Br. 24–25. In Chrzanoski, we addressed a Connecticut misdemeanor that
criminalized causing injury to another person, concluding that the misdemeanor
at issue there was not a crime of violence for the purpose of deportation
proceedings and as defined in 28 U.S.C. § 16(a) because it did not require that
injury be caused through the use of physical force. 327 F.3d at 195–96; see also
Vargas‐Sarmiento, 448 F.3d at 175 n.10 (noting that, in Chrzanoski, “[b]ecause the
plain language of the Connecticut statute did not make use of force an explicit or
implicit element, we ruled that misdemeanor third degree assault was not a crime
of violence under § 16(a)”). But as we have said, the taking of personal property
“‘by force,’ . . . is required in Hobbs Act robbery.” United States v.

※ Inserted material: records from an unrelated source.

lemma psd_form_zero_imp_kernel:
  assumes herm: "\<And>i j. cnj (A$j$i) = A$i$j"
    and nonneg: "\<And>x. 0 \<le> Re (sesq_form A x x)"
    and zero: "Re (sesq_form A y y) = 0"
  shows "A *v y = 0"
proof -
  txt \<open>Positivity along the real line \<open>y + t z\<close> kills the linear term; then take \<open>z = A y\<close>.\<close>
  have "2 * Re (sesq_form A z y) = 0" for z
  proof (rule nonneg_quadratic_imp_linear_coeff_zero)
    fix t :: real
    have "Re (sesq_form A (y + of_real t *s z) (y + of_real t *s z))
        = t * (2 * Re (sesq_form A z y)) + t\<^sup>2 * Re (sesq_form A z z)"
      using sesq_form_cnj_swap[OF herm, of y z] zero
      by (simp add: sesq_form_add_left sesq_form_add_right sesq_form_smult_left
          sesq_form_smult_right power2_eq_square algebra_simps)
    then show "0 \<le> t * (2 * Re (sesq_form A z y)) + t\<^sup>2 * Re (sesq_form A z z)"
      using nonneg by metis
  qed
  from this[of "A *v y"] show ?thesis by (simp add: Re_sesq_form_image_self)
qed

lemma hermitian2_iff: "hermitian2 A \<longleftrightarrow> (\<forall>i j. cnj (A$j$i) = A$i$j)"
  by (simp add: hermitian2_def adjoint2_def vec_eq_iff)

lemma psd2_iff: "psd2 A \<longleftrightarrow> hermitian2 A \<and> (\<forall>x. 0 \<le> Re (sesq_form A x x))"
  by (simp add: psd2_def sesq_form_expand)

lemma psd2_kernel:
  assumes "psd2 A" "Re (sesq_form A y y) = 0"
  shows "A *v y = 0"
  using assms psd_form_zero_imp_kernel by (metis hermitian2_iff psd2_iff)

definition outer :: "complex^2 \<Rightarrow> M2" where
  "outer x = (\<chi> i j. x$i * cnj (x$j))"

definition perp :: "complex^2 \<Rightarrow> complex^2" where
  "perp x = vector [- cnj (x$2), cnj (x$1)]"

lemma sesq_form_outer:
  "sesq_form (outer x) y y = (\<Sum>i\<in>UNIV. cnj (y$i) * x$i) * cnj (\<Sum>i\<in>UNIV. cnj (y$i) * x$i)"
  by (simp add: sesq_form_def outer_def matrix_vector_mult_def sum_distrib_left sum_distrib_right
      algebra_simps)
    (rule sum.swap)

lemma psd2_outer: "psd2 (outer x)"
  unfolding psd2_iff hermitian2_iff sesq_form_outer complex_mult_cnj by (simp add: outer_def)

lemma sesq_form_outer_perp: "sesq_form (outer x) (perp x) (perp x) = 0"
  by (simp add: sesq_form_outer perp_def sum_2)

definition matrix_unit :: "2 \<Rightarrow> 2 \<Rightarrow> M2" where
  "matrix_unit a b = (\<chi> i j. if i = a \<and> j = b then 1 else 0)"

lemma matrix_unit_expansion: "A = (\<Sum>a\<in>UNIV. \<Sum>b\<in>UNIV. cscale (A$a$b) (matrix_unit a b))"
  by (simp add: matrix_unit_def cscale_def vec_eq_iff forall_2 sum_2)

lemma clinear2_expansion:
  assumes "clinear2 \<psi>"
  shows "\<psi> A = (\<Sum>a\<in>UNIV. \<Sum>b\<in>UNIV. cscale (A$a$b) (\<psi> (matrix_unit a b)))"
  using assms unfolding clinear2_def by (subst matrix_unit_expansion) (simp add: sum_2)

definition test_vectors :: "(complex^2) list" where
  "test_vectors = [vector [1, 0], vector [0, 1], vector [1, 1], vector [1, -1],
     vector [1, \<i>], vector [1, -\<i>]]"

lemma mult_perp_eq_0_iff:
  fixes M :: M2
  shows "M *v perp x = 0 \<longleftrightarrow>
     cnj (x$1) * M$1$2 = cnj (x$2) * M$1$1 \<and> cnj (x$1) * M$2$2 = cnj (x$2) * M$2$1"
  by (auto simp: perp_def matrix_vector_mult_def sum_2 vec_eq_iff forall_2 algebra_simps)

lemma clinear2_eq_scaleR_if_test_kernels:
  assumes lin: "clinear2 \<psi>"
    and herm: "\<And>x. x \<in> set test_vectors \<Longrightarrow> hermitian2 (\<psi> (outer x))"
    and ker: "\<And>x. x \<in> set test_vectors \<Longrightarrow> \<psi> (outer x) *v perp x = 0"
  obtains l :: real where "\<And>A. \<psi> A = l *\<^sub>R A"
proof -
  define B where "B a b = \<psi> (matrix_unit a b)" for a b
  have entry: "\<psi> (outer x) $ i $ j = (\<Sum>a\<in>UNIV. \<Sum>b\<in>UNIV. x$a * cnj (x$b) * B a b $ i $ j)"
    for x i j
    using clinear2_expansion[OF lin, of "outer x"]
    by (simp add: B_def outer_def cscale_def sum_component)
  have conds: "cnj (x$1) * \<psi> (outer x) $1$2 = cnj (x$2) * \<psi> (outer x) $1$1"
    "cnj (x$1) * \<psi> (outer x) $2$2 = cnj (x$2) * \<psi> (outer x) $2$1"
    "cnj (\<psi> (outer x) $1$2) = \<psi> (outer x) $2$1" "cnj (\<psi> (outer x) $1$1) = \<psi> (outer x) $1$1"
    if "x \<in> set test_vectors" for x
    using ker[OF that] herm[OF that] unfolding mult_perp_eq_0_iff hermitian2_iff by blast+
  note test_conds = conds[of "vector [1, 0]"] conds[of "vector [0, 1]"] conds[of "vector [1, 1]"]
    conds[of "vector [1, -1]"] conds[of "vector [1, \<i>]"] conds[of "vector [1, -\<i>]"]
  define l where "l = Re (B 1 1 $ 1 $ 1)"
  txt \<open>The vectors \<open>e\<^sub>1\<close>, \<open>e\<^sub>2\<close> make \<open>B 1 1\<close>, \<open>B 2 2\<close> diagonal multiples of the matrix units;
    (1, \<plusminus>1) and (1, \<plusminus>i) determine \<open>B 1 2 + B 2 1\<close> and \<open>B 2 1 - B 1 2\<close>; hermiticity of
    \<open>\<psi> (outer (1, 1))\<close> equates the two diagonal scalars.\<close>
  have "B 1 1 = l *\<^sub>R matrix_unit 1 1 \<and> B 1 2 = l *\<^sub>R matrix_unit 1 2 \<and>
      B 2 1 = l *\<^sub>R matrix_unit 2 1 \<and> B 2 2 = l *\<^sub>R matrix_unit 2 2"
    using test_conds unfolding l_def
    by (simp add: test_vectors_def entry sum_2 matrix_unit_def vec_eq_iff forall_2 complex_eq_iff)
  then have B_scalar: "B a b = l *\<^sub>R matrix_unit a b" for a b
    using exhaust_2[of a] exhaust_2[of b] by blast
  have "\<psi> A = (\<Sum>a\<in>UNIV. \<Sum>b\<in>UNIV. cscale (A$a$b) (l *\<^sub>R matrix_unit a b))" for A
    unfolding clinear2_expansion[OF lin, of A] B_def[symmetric] B_scalar ..
  also have "\<dots> A = l *\<^sub>R A" for A
    by (simp add: cscale_def matrix_unit_def vec_eq_iff forall_2 sum_2)
  finally show ?thesis by (rule that)
qed

definition exposing_functional :: "(M2 \<Rightarrow> M2) \<Rightarrow> real" where
  "exposing_functional \<psi> = (\<Sum>x\<leftarrow>test_vectors. Re (sesq_form (\<psi> (outer x)) (perp x) (perp x)))"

Santos, 449
F.3d 93, 99 (2d Cir. 2006) (emphasis added); see also DiSomma, 951 F.2d at 496
(“[I]f the element of violence is not present, no conviction under section 1951 can
19
occur.”). And such robberies may be accomplished, inter alia, by placing the
victim in fear of injury at the point of a gun (as in the present case) or by other
menacing conduct, as when a perpetrator “wrongfully and intentionally use[s]

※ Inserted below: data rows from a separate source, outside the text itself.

text \<open>
  An isometry of \<open>V\<close> moves the negative points \<open>p\<^sub>4\<close>, \<open>p\<^sub>5\<close> to \<open>(1, 0, 0)\<close> and
  \<open>(1 + A, 1 - A, 0)\<close> for some real \<open>A > 1\<close>. For this pair an explicit positive point
  \<open>p\<^sub>1\<close> makes \<open>g = \<omega>\<^sup>2 R\<^sup>p\<^sup>4 R\<^sup>p\<^sup>5 R\<^sup>p\<^sup>1\<close> loxodromic with the real eigenvalues
  \<open>A\<close>, \<open>1/A\<close>, \<open>1\<close>: the first two with isotropic eigenvectors \<open>a\<close>, \<open>b\<close> (scaled so that
  \<open>\<langle>a, b\<rangle>\<close> is real and negative), the last one with eigenvector polar to them. Such a map is the
  product \<open>R\<^sup>A\<^sup>a\<^sup>+\<^sup>b R\<^sup>a\<^sup>+\<^sup>b\<close> of reflections in two negative points, which gives
  \<open>R\<^sup>p\<^sup>5 R\<^sup>p\<^sup>4 R\<^sup>p\<^sup>3 R\<^sup>p\<^sup>2 R\<^sup>p\<^sup>1 = \<omega>\<^sup>2\<close>.
\<close>

section \<open>The Hermitian form and reflections\<close>

lemma herm_add_left: "herm (x + y) z = herm x z + herm y z"
  unfolding herm_def by (simp add: algebra_simps)

lemma herm_add_right: "herm z (x + y) = herm z x + herm z y"
  unfolding herm_def by (simp add: algebra_simps)

lemma herm_diff_left: "herm (x - y) z = herm x z - herm y z"
  unfolding herm_def by (simp add: algebra_simps)

lemma herm_diff_right: "herm z (x - y) = herm z x - herm z y"
  unfolding herm_def by (simp add: algebra_simps)

lemma herm_minus_left: "herm (- x) z = - herm x z"
  unfolding herm_def by (simp add: algebra_simps)

lemma herm_scale_left: "herm (c *s x) z = c * herm x z"
  unfolding herm_def by (simp add: algebra_simps)

lemma herm_scale_right: "herm z (c *s x) = cnj c * herm z x"
  unfolding herm_def by (simp add: algebra_simps)

lemmas herm_simps = herm_add_left herm_add_right herm_diff_left herm_diff_right
  herm_minus_left herm_scale_left herm_scale_right

lemma herm_commute: "herm x y = cnj (herm y x)"
  unfolding herm_def by simp

lemma herm_eq_0_commute: "herm x y = 0 \<longleftrightarrow> herm y x = 0"
  by (metis herm_commute complex_cnj_zero)

lemma of_real_Re_herm_self: "complex_of_real (Re (herm x x)) = herm x x"
  by (simp add: herm_def complex_eq_iff)

lemma Re_herm_self: "Re (herm x x) = (cmod (x$2))\<^sup>2 + (cmod (x$3))\<^sup>2 - (cmod (x$1))\<^sup>2"
  unfolding herm_def by (simp add: complex_mult_cnj cmod_power2)

lemma herm_nondegenerate:
  assumes "\<And>y. herm x y = 0"
  shows "x = 0"
proof -
  have "herm x (axis 1 1) = - x$1" "herm x (axis 2 1) = x$2" "herm x (axis 3 1) = x$3"
    by (simp_all add: herm_def axis_def)
  then show ?thesis using assms by (simp add: vec_eq_iff forall_3)
qed

lemma negative_imp_nonzero: "negative p \<Longrightarrow> p \<noteq> 0"
  by (auto simp: negative_def herm_def)

lemma orthogonal_negative_imp_positive:
  assumes p: "negative p" and wp: "herm w p = 0" and "w \<noteq> 0"
  shows "positive w"
proof (rule ccontr)
  assume nonpos: "\<not> positive w"
  define z where "z = p$1 *s w - w$1 *s p"
  have "herm p w = 0"
    using wp herm_eq_0_commute by blast
  then have "herm z z = (p$1 * cnj (p$1)) * herm w w + (w$1 * cnj (w$1)) * herm p p"
    unfolding z_def by (simp add: herm_simps wp algebra_simps)
  then have "Re (herm z z) = (cmod (p$1))\<^sup>2 * Re (herm w w) + (cmod (w$1))\<^sup>2 * Re (herm p p)"
    by (simp add: complex_mult_cnj cmod_power2 del: of_real_power)
  moreover have "Re (herm z z) \<ge> 0"
    by (simp add: z_def Re_herm_self)
  moreover have "(cmod (p$1))\<^sup>2 * Re (herm w w) \<le> 0" "(cmod (w$1))\<^sup>2 * Re (herm p p) \<le> 0"
    using nonpos p by (simp_all add: positive_def negative_def mult_nonneg_nonpos)
  ultimately have "(cmod (p$1))\<^sup>2 * Re (herm w w) = 0" "(cmod (w$1))\<^sup>2 * Re (herm p p) = 0"
    by linarith+
  moreover have "p$1 \<noteq> 0" "Re (herm p p) \<noteq> 0"
    using p by (auto simp: negative_def Re_herm_self) (metis add_nonneg_nonneg not_le zero_le_power2)
  ultimately have "Re (herm w w) = 0" "w$1 = 0"
    by simp_all
  then show False
    using nonpos \<open>w \<noteq> 0\<close> by (simp add: Re_herm_self vec_eq_iff forall_3)
qed

lemma refl_add: "refl p (x + y) = refl p x + refl p y"
  unfolding refl_def by (simp add: herm_add_left vec_eq_iff add_divide_distrib algebra_simps)

lemma refl_scale: "refl p (c *s x) = c *s refl p x"
  unfolding refl_def by (simp add: herm_scale_left vec_eq_iff algebra_simps)

lemma refl_refl:
  assumes "herm p p \<noteq> 0"
  shows "refl p (refl p x) = x"
proof -
  have "herm (refl p x) p = herm x p"
    unfolding refl_def using assms by (simp add: herm_simps)
  then show ?thesis
    unfolding refl_def[of p "refl p x"] by (simp add: refl_def vec_eq_iff)
qed

lemma refl_smult_point:
  assumes "c \<noteq> 0"
  shows "refl (c *s p) = refl p"
  using assms by (simp add: refl_def herm_simps vec_eq_iff fun_eq_iff field_simps)

lemma refl_same_point:
  assumes "same_point p q" and "q \<noteq> 0"
  shows "refl q = refl p"
  using assms refl_smult_point unfolding same_point_def by force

an individual’s reputation ‘as a prominent figure in the Russian criminal
underworld alone’ to instill fear.” Santos, 449 F.3d at 100–01. To the degree
that any aspect of Chrzanoski’s reasoning suggests that the conduct Hill describes
does not involve the threatened use of physical force, moreover, the Chrzanoski
panel did not have the benefit of the Supreme Court’s reasoning in Castleman to
the effect that a use of physical force can encompass acts undertaken to cause
physical harm, even when the harm occurs indirectly (as with poisoning) “rather
than directly (as with a kick or punch).” Castleman, 134 S. Ct. at 1415; see also
Vargas‐Sarmiento, 448 F.3d at 175 (observing, in the context of § 16(b), that “we
are not persuaded by [the] argument that first‐degree manslaughter is not a crime
of violence when it is committed by a person who intentionally poisons the food
of an unwitting victim rather than by a person who directly injects the poison into
his victim’s arm[, as i]n either situation, the killer has intentionally availed
himself of the forceful physical properties of poison to cause death”).

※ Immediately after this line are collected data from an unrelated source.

(* Let $R \subseteq S$ be an extension of commutative rings, and let $R^*$ be the strict closure of $R$ in $S$. Then $R^* \subseteq R + MS$ (inside $S$) for every maximal ideal $M$ of $R$.
   Context: For an extension of commutative rings $R \subseteq S$, the strict closure of $R$ in $S$ is $R^* = \{\alpha \in S \mid \alpha\otimes 1 = 1\otimes \alpha \text{ in } S\otimes_R S\}$; it is a subring of $S$ containing $R$. *)

theory Defs
  imports Main
begin

text \<open>The ambient ring S is a type of class comm_ring_1; the subring R is a subset.\<close>

definition is_subring :: "'a::comm_ring_1 set \<Rightarrow> bool" where
  "is_subring R \<longleftrightarrow> 0 \<in> R \<and> 1 \<in> R \<and> (\<forall>x\<in>R. \<forall>y\<in>R. x + y \<in> R \<and> x * y \<in> R) \<and> (\<forall>x\<in>R. - x \<in> R)"

definition is_ideal_of :: "'a::comm_ring_1 set \<Rightarrow> 'a set \<Rightarrow> bool" where
  "is_ideal_of R M \<longleftrightarrow> M \<subseteq> R \<and> 0 \<in> M \<and> (\<forall>x\<in>M. \<forall>y\<in>M. x + y \<in> M)
     \<and> (\<forall>x\<in>M. - x \<in> M) \<and> (\<forall>r\<in>R. \<forall>x\<in>M. r * x \<in> M)"

definition is_maximal_ideal_of :: "'a::comm_ring_1 set \<Rightarrow> 'a set \<Rightarrow> bool" where
  "is_maximal_ideal_of R M \<longleftrightarrow> is_ideal_of R M \<and> M \<noteq> R \<and>
     (\<forall>J. is_ideal_of R J \<and> M \<subseteq> J \<longrightarrow> J = M \<or> J = R)"

definition ext_ideal :: "'a::comm_ring_1 set \<Rightarrow> 'a set" where
  "ext_ideal M = {x. \<exists>(n::nat) m (s::nat \<Rightarrow> 'a). (\<forall>i<n. m i \<in> M) \<and> x = (\<Sum>i<n. m i * s i)}"

text \<open>Tensor product S \<otimes>_R S, built as the free abelian group on S \<times> S
  (finitely supported integer-valued functions) modulo the subgroup generated by the
  biadditivity and R-balancedness relations. gen p is the basis element of p.\<close>
definition gen :: "'a \<times> 'a \<Rightarrow> ('a \<times> 'a \<Rightarrow> int)" where
  "gen p = (\<lambda>q. if q = p then 1 else 0)"

inductive_set tensor_rel :: "'a::comm_ring_1 set \<Rightarrow> ('a \<times> 'a \<Rightarrow> int) set" for R where
  zero: "(\<lambda>_. 0) \<in> tensor_rel R"
| addl: "(\<lambda>q. gen (s + s', t) q - gen (s, t) q - gen (s', t) q) \<in> tensor_rel R"
| addr: "(\<lambda>q. gen (s, t + t') q - gen (s, t) q - gen (s, t') q) \<in> tensor_rel R"
| bal: "r \<in> R \<Longrightarrow> (\<lambda>q. gen (r * s, t) q - gen (s, r * t) q) \<in> tensor_rel R"
| add: "x \<in> tensor_rel R \<Longrightarrow> y \<in> tensor_rel R \<Longrightarrow> (\<lambda>q. x q + y q) \<in> tensor_rel R"
| neg: "x \<in> tensor_rel R \<Longrightarrow> (\<lambda>q. - x q) \<in> tensor_rel R"

definition tensor_eq :: "'a::comm_ring_1 set \<Rightarrow> 'a \<times> 'a \<Rightarrow> 'a \<times> 'a \<Rightarrow> bool" where
  "tensor_eq R p p' \<longleftrightarrow> (\<lambda>q. gen p q - gen p' q) \<in> tensor_rel R"

definition strict_closure :: "'a::comm_ring_1 set \<Rightarrow> 'a set" where
  "strict_closure R = {\<alpha>. tensor_eq R (\<alpha>, 1) (1, \<alpha>)}"

end

theory Submission
  imports Defs
begin

text \<open>
  Elements of \<open>S \<otimes>\<^sub>R S\<close> can be tested against \<open>R\<close>-balanced biadditive maps, so it
  suffices to find one that sends \<open>\<alpha> \<otimes> 1 - 1 \<otimes> \<alpha>\<close> to \<open>c - \<alpha>\<close> modulo \<open>MS\<close> for some
  \<open>c \<in> R\<close>. If \<open>1 \<in> MS\<close> there is nothing to prove. Otherwise Zorn's lemma gives an
  \<open>R\<close>-submodule \<open>N \<supseteq> MS\<close> of \<open>S\<close> maximal with \<open>1 \<notin> N\<close>; maximality of \<open>N\<close> and of \<open>M\<close>
  force \<open>S = R + N\<close> and \<open>R \<inter> N = M\<close>, i.e. \<open>S/N \<cong> R/M\<close>. Choosing representatives gives
  a map \<open>c : S \<rightarrow> R\<close> that is \<open>R\<close>-linear modulo \<open>M\<close> with \<open>c 1 \<equiv> 1\<close>, and
  \<open>s \<otimes> t \<mapsto> c(s) t\<close> is the required map into \<open>S/MS\<close>: it sends \<open>\<alpha> \<otimes> 1 - 1 \<otimes> \<alpha>\<close>
  to \<open>c(\<alpha>) - c(1) \<alpha> \<equiv> c(\<alpha>) - \<alpha>\<close>.
\<close>

definition is_add_subgroup :: "'a::ab_group_add set \<Rightarrow> bool" where
  "is_add_subgroup I \<longleftrightarrow> 0 \<in> I \<and> (\<forall>x\<in>I. \<forall>y\<in>I. x + y \<in> I) \<and> (\<forall>x\<in>I. - x \<in> I)"

definition is_submodule :: "'a::comm_ring_1 set \<Rightarrow> 'a set \<Rightarrow> bool" where
  "is_submodule R N \<longleftrightarrow> is_add_subgroup N \<and> (\<forall>r\<in>R. \<forall>x\<in>N. r * x \<in> N)"

lemma add_subgroup_zero: "is_add_subgroup I \<Longrightarrow> 0 \<in> I"
  and add_subgroup_add: "is_add_subgroup I \<Longrightarrow> x \<in> I \<Longrightarrow> y \<in> I \<Longrightarrow> x + y \<in> I"
  and add_subgroup_uminus: "is_add_subgroup I \<Longrightarrow> x \<in> I \<Longrightarrow> - x \<in> I"
  by (simp_all add: is_add_subgroup_def)

lemma add_subgroup_diff: "is_add_subgroup I \<Longrightarrow> x \<in> I \<Longrightarrow> y \<in> I \<Longrightarrow> x - y \<in> I"
  by (metis add_subgroup_add add_subgroup_uminus diff_conv_add_uminus)

lemma submodule_add_subgroup: "is_submodule R N \<Longrightarrow> is_add_subgroup N"
  and submodule_mult: "is_submodule R N \<Longrightarrow> r \<in> R \<Longrightarrow> x \<in> N \<Longrightarrow> r * x \<in> N"
  by (simp_all add: is_submodule_def)

lemma subring_add_subgroup: "is_subring R \<Longrightarrow> is_add_subgroup R"
  and subring_one: "is_subring R \<Longrightarrow> 1 \<in> R"
  and subring_mult: "is_subring R \<Longrightarrow> x \<in> R \<Longrightarrow> y \<in> R \<Longrightarrow> x * y \<in> R"
  by (simp_all add: is_subring_def is_add_subgroup_def)

lemma is_ideal_of_iff_submodule: "is_ideal_of R M \<longleftrightarrow> M \<subseteq> R \<and> is_submodule R M"
  unfolding is_ideal_of_def is_submodule_def is_add_subgroup_def by blast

Accordingly, we are unpersuaded by Hill’s reliance on Chrzanoski.
20
In sum, we agree with all of the circuits to have addressed the issue, see
supra note 7, and hold that Hobbs Act robbery “has as an element the use,
attempted use, or threatened use of physical force against the person or property
of another.” 18 U.S.C. § 924(c)(3)(A). We have considered each of Hill’s
arguments to the contrary and conclude that they are all without merit.
CONCLUSION
For the foregoing reasons, and for those stated in the summary order
issued on August 3, 2016, we AFFIRM the judgment of conviction.